** Information given follows **

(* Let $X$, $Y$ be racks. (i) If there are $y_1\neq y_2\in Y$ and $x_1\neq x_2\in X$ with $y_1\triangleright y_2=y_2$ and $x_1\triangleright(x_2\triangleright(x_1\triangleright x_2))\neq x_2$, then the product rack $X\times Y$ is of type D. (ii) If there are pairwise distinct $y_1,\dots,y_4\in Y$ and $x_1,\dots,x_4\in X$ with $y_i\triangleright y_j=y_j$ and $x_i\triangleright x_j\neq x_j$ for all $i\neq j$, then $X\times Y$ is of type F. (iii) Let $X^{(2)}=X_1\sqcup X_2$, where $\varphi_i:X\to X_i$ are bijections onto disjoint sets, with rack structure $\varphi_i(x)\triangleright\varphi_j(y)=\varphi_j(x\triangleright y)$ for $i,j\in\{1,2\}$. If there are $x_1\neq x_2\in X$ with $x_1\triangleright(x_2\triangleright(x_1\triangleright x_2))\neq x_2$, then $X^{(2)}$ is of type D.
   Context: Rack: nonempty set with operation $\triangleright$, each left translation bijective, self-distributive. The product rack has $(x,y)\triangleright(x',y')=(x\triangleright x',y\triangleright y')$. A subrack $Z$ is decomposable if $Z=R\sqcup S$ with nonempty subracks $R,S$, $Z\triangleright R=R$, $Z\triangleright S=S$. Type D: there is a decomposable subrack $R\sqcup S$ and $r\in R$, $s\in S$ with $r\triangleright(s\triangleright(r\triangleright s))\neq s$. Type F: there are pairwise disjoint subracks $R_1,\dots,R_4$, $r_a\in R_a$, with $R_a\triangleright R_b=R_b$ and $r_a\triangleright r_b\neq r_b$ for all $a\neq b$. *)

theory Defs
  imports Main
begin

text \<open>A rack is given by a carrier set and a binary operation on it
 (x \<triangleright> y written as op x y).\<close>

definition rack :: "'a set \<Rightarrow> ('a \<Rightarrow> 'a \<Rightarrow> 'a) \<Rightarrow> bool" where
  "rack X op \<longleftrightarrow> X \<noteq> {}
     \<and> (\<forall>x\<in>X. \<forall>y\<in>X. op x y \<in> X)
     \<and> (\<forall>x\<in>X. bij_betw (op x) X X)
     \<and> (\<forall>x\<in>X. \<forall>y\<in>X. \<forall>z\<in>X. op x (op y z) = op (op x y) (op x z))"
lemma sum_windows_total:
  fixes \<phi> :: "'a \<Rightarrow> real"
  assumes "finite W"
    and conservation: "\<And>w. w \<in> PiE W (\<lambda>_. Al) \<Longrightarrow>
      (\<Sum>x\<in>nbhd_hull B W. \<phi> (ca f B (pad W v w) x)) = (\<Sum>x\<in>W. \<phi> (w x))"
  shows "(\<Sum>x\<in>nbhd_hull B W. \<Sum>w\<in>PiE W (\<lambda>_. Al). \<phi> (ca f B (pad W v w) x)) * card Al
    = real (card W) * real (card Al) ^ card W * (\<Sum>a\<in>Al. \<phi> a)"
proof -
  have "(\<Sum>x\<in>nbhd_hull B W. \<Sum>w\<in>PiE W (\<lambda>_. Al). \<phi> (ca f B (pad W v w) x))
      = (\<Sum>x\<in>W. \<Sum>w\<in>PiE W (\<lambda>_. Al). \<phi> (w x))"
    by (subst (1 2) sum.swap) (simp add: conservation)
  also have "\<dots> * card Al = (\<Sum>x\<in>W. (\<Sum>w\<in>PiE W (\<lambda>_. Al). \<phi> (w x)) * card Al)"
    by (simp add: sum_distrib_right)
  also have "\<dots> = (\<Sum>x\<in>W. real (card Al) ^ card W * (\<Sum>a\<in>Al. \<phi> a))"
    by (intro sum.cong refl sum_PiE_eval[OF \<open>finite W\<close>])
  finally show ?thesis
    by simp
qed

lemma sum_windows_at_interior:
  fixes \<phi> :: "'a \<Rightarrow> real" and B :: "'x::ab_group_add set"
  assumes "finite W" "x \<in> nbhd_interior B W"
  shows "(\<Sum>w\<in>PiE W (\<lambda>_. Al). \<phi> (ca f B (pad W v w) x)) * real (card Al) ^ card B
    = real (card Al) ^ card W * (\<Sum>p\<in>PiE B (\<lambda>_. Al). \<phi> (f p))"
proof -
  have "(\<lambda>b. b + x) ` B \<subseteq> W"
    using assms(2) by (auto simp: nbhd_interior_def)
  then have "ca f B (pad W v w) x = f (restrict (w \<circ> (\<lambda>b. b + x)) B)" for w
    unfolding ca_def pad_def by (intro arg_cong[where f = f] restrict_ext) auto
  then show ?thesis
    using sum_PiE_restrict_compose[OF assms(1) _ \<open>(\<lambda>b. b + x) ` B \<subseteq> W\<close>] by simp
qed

** End of Information given **

» Exercise goal
Exactly and only the lines from the one containing "unfolding ca_def pad_def" to the end of the entries above are to be written out.

» Completed exercise
    unfolding ca_def pad_def by (intro arg_cong[where f = f] restrict_ext) auto
  then show ?thesis
    using sum_PiE_restrict_compose[OF assms(1) _ \<open>(\<lambda>b. b + x) ` B \<subseteq> W\<close>] by simp
qed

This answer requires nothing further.